• [Work task]:
From the records below, print exactly the lines starting at the one containing "using rho by (simp add: D_def)" and ending at the one containing "- \<rho>) * (real", ends included, and nothing else.

(Dataset entries)
lemma Theta_Xi_geometric_decay:
  fixes K :: "real \<Rightarrow> real"
  assumes K: "\<forall>x. \<bar>K x\<bar> \<le> B" and B: "B > 0" and p: "1 \<le> p" "p \<le> 3"
  obtains C x where "C > 0" "0 < x" "x < 1"
    and "\<And>n \<tau> s Mn m. 4 * s < m \<Longrightarrow>
            Theta M H \<eta> \<eta>' n K \<tau> s Mn (real p) m < ennreal (C * x ^ m) \<and>
            Xi M H \<eta> \<eta>' n K \<tau> s Mn (real p) m < ennreal (C * real m * x ^ m)"
proof -
  define x where "x = sqrt (sqrt \<rho>)"
  have x: "0 < x" "x < 1"
    using rho by (auto simp: x_def)
  have geometric: "real m * sqrt \<rho> ^ m \<le> x ^ m / (1 - x)" for m
    unfolding x_def using rho by (intro real_mult_power_le_sqrt) auto
  define D where "D = 1 / (1 - \<rho>) + 1 / (1 - sqrt \<rho>) ^ 2"
  have D: "1 / (1 - \<rho>) \<le> D"
    using rho by (simp add: D_def)
  moreover have "0 < 1 / (1 - \<rho>)"
    using rho by simp
  ultimately have "D > 0"
    by linarith
  define C where "C = theta_constant B * D / (1 - x)"
  have C: "C > 0"
    using theta_constant_pos[OF B] \<open>D > 0\<close> x by (simp add: C_def)
  have "Theta M H \<eta> \<eta>' n K \<tau> s Mn (real p) m < ennreal ((C + 1) * x ^ m) \<and>
        Xi M H \<eta> \<eta>' n K \<tau> s Mn (real p) m < ennreal ((C + 1) * real m * x ^ m)"
    if m: "4 * s < m" for n \<tau> s Mn m
  proof
    have "theta_constant B / (1 - \<rho>) * (real m * sqrt \<rho> ^ m) \<le> theta_constant B * D * (x ^ m / (1 - x))"
      using theta_constant_pos[OF B] D \<open>D > 0\<close> rho by (intro mult_mono geometric) (auto simp: divide_inverse)
    also have "\<dots> = C * x ^ m"
      by (simp add: C_def)
    also have "\<dots> < (C + 1) * x ^ m"
      using x by simp
    finally show "Theta M H \<eta> \<eta>' n K \<tau> s Mn (real p) m < ennreal ((C + 1) * x ^ m)"
      using C x by (intro le_less_trans[OF Theta_far_le[OF K B p m] ennreal_lessI]) auto
    have "theta_constant B * D * real m * (real m * sqrt \<rho> ^ m) \<le> theta_constant B * D * real m * (x ^ m / (1 - x))"
      using theta_constant_pos[OF B] \<open>D > 0\<close> rho by (intro mult_left_mono geometric) auto
    also have "\<dots> = C * real m * x ^ m"
      by (simp add: C_def)
    also have "\<dots> < (C + 1) * real m * x ^ m"
      using x m by simp
    finally show "Xi M H \<eta> \<eta>' n K \<tau> s Mn (real p) m < ennreal ((C + 1) * real m * x ^ m)"
      using C x m by (intro le_less_trans[OF Xi_far_le[OF K B p m, folded D_def] ennreal_lessI]) auto
  qed
  with C x show ?thesis
    by (intro that[of "C + 1" x]) auto
qed

lemma Theta_Xi_polynomial_bound:
  fixes K :: "real \<Rightarrow> real"
  assumes K: "\<forall>x. \<bar>K x\<bar> \<le> B" and B: "B > 0" and p: "1 \<le> p" "p \<le> 3"
  obtains C where "\<And>n \<tau> s Mn m.
            Theta M H \<eta> \<eta>' n K \<tau> s Mn (real p) m \<le> ennreal (C * real s) \<and>
            Xi M H \<eta> \<eta>' n K \<tau> s Mn (real p) m \<le> ennreal (C * real s ^ 2)"
proof (rule that, rule conjI)
  let ?C = "theta_constant B * (16 / (1 - \<rho>) + 8 / (1 - sqrt \<rho>) ^ 2)"
  fix n \<tau> s Mn m
  have "8 / (1 - \<rho>) \<le> 16 / (1 - \<rho>)" "0 \<le> 8 / (1 - sqrt \<rho>) ^ 2"
    using rho by (auto intro: divide_right_mono)
  then have "8 / (1 - \<rho>) \<le> 16 / (1 - \<rho>) + 8 / (1 - sqrt \<rho>) ^ 2"
    by linarith
  then have "theta_constant B * (8 / (1 - \<rho>)) * real s \<le> ?C * real s"
    using theta_constant_pos[OF B] by (intro mult_right_mono mult_left_mono) auto
  then show "Theta M H \<eta> \<eta>' n K \<tau> s Mn (real p) m \<le> ennreal (?C * real s)"
    using Theta_near_le[OF K B p] by (meson ennreal_leI order_trans)
  show "Xi M H \<eta> \<eta>' n K \<tau> s Mn (real p) m \<le> ennreal (?C * real s ^ 2)"
    by (rule Xi_near_le[OF K B p])
qed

• [Response below]:
    using rho by (simp add: D_def)
  moreover have "0 < 1 / (1 - \<rho>)"
    using rho by simp
  ultimately have "D > 0"
    by linarith
  define C where "C = theta_constant B * D / (1 - x)"
  have C: "C > 0"
    using theta_constant_pos[OF B] \<open>D > 0\<close> x by (simp add: C_def)
  have "Theta M H \<eta> \<eta>' n K \<tau> s Mn (real p) m < ennreal ((C + 1) * x ^ m) \<and>
        Xi M H \<eta> \<eta>' n K \<tau> s Mn (real p) m < ennreal ((C + 1) * real m * x ^ m)"
    if m: "4 * s < m" for n \<tau> s Mn m
  proof
    have "theta_constant B / (1 - \<rho>) * (real m * sqrt \<rho> ^ m) \<le> theta_constant B * D * (x ^ m / (1 - x))"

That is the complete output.